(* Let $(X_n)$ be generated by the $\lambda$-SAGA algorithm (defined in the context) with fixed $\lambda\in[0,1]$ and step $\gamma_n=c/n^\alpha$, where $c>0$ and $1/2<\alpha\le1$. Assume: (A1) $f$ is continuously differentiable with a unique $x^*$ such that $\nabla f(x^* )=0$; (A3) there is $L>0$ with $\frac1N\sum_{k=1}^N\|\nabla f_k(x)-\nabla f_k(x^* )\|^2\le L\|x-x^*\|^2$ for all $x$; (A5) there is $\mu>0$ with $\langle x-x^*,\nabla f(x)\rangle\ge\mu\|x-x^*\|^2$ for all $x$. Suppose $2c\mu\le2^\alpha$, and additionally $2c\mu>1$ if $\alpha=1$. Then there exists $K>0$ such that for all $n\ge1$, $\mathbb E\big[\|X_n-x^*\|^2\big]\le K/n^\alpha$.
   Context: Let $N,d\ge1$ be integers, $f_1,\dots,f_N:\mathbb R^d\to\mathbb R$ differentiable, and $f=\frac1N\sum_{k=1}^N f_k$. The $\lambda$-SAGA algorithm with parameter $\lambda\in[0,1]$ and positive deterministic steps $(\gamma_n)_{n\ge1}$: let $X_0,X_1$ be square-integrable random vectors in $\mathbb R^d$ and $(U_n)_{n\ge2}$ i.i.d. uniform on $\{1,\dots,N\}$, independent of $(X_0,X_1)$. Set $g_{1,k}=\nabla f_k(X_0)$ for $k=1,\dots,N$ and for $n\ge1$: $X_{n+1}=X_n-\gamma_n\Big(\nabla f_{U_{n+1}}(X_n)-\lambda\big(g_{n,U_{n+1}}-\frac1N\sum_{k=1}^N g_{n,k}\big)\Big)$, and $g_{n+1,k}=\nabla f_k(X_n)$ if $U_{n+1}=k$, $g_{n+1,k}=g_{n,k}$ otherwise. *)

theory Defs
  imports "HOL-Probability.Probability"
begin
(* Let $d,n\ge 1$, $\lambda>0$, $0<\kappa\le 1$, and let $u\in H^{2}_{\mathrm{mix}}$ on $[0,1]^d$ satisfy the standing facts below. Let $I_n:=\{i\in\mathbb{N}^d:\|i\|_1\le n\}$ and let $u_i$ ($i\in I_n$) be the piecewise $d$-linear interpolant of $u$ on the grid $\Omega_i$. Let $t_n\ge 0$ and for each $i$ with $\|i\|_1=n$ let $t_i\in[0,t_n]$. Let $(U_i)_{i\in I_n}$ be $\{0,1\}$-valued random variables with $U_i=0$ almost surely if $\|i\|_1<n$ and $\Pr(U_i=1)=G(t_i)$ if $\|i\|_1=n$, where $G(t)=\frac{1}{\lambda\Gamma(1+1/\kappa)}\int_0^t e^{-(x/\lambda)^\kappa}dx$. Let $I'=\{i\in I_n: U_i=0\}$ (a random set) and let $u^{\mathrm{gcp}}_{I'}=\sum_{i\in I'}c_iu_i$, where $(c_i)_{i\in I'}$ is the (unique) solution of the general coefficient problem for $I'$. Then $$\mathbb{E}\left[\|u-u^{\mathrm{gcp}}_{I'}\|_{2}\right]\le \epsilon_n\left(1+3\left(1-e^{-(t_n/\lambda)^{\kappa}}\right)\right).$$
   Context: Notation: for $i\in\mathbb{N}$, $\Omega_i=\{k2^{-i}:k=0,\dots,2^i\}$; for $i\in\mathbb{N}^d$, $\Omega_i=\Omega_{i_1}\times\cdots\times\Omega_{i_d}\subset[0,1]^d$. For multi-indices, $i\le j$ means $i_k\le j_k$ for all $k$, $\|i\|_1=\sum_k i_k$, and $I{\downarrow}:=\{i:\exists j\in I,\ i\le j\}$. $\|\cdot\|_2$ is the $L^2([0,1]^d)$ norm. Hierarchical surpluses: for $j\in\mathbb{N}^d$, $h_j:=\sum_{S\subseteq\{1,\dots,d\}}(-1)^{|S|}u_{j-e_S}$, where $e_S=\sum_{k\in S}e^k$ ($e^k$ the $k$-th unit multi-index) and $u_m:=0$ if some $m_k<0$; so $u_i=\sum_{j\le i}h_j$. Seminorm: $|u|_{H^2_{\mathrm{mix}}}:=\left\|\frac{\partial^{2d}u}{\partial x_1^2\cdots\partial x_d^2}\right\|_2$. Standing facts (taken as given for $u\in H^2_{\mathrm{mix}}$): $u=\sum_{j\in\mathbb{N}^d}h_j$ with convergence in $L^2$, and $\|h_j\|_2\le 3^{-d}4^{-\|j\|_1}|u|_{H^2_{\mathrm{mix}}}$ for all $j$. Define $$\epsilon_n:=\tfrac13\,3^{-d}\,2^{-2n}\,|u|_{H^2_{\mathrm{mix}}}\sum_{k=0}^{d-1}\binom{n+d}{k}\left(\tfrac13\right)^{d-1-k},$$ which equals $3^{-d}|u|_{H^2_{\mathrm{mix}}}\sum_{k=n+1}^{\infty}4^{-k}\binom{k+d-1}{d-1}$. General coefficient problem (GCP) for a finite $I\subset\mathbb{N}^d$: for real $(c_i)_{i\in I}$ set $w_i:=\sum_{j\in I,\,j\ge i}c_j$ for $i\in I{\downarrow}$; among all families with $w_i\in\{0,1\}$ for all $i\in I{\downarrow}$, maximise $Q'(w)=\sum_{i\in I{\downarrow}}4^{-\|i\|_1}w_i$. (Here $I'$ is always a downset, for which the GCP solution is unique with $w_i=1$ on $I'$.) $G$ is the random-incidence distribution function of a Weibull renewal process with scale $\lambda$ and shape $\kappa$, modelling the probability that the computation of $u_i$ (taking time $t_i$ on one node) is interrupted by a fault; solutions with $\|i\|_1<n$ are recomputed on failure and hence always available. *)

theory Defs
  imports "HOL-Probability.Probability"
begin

■ About this task
From the data above, copy each line that has the string "differentiable".

■ Solution to this exercise
(* Let $(X_n)$ be generated by the $\lambda$-SAGA algorithm (defined in the context) with fixed $\lambda\in[0,1]$ and step $\gamma_n=c/n^\alpha$, where $c>0$ and $1/2<\alpha\le1$. Assume: (A1) $f$ is continuously differentiable with a unique $x^*$ such that $\nabla f(x^* )=0$; (A3) there is $L>0$ with $\frac1N\sum_{k=1}^N\|\nabla f_k(x)-\nabla f_k(x^* )\|^2\le L\|x-x^*\|^2$ for all $x$; (A5) there is $\mu>0$ with $\langle x-x^*,\nabla f(x)\rangle\ge\mu\|x-x^*\|^2$ for all $x$. Suppose $2c\mu\le2^\alpha$, and additionally $2c\mu>1$ if $\alpha=1$. Then there exists $K>0$ such that for all $n\ge1$, $\mathbb E\big[\|X_n-x^*\|^2\big]\le K/n^\alpha$.
   Context: Let $N,d\ge1$ be integers, $f_1,\dots,f_N:\mathbb R^d\to\mathbb R$ differentiable, and $f=\frac1N\sum_{k=1}^N f_k$. The $\lambda$-SAGA algorithm with parameter $\lambda\in[0,1]$ and positive deterministic steps $(\gamma_n)_{n\ge1}$: let $X_0,X_1$ be square-integrable random vectors in $\mathbb R^d$ and $(U_n)_{n\ge2}$ i.i.d. uniform on $\{1,\dots,N\}$, independent of $(X_0,X_1)$. Set $g_{1,k}=\nabla f_k(X_0)$ for $k=1,\dots,N$ and for $n\ge1$: $X_{n+1}=X_n-\gamma_n\Big(\nabla f_{U_{n+1}}(X_n)-\lambda\big(g_{n,U_{n+1}}-\frac1N\sum_{k=1}^N g_{n,k}\big)\Big)$, and $g_{n+1,k}=\nabla f_k(X_n)$ if $U_{n+1}=k$, $g_{n+1,k}=g_{n,k}$ otherwise. *)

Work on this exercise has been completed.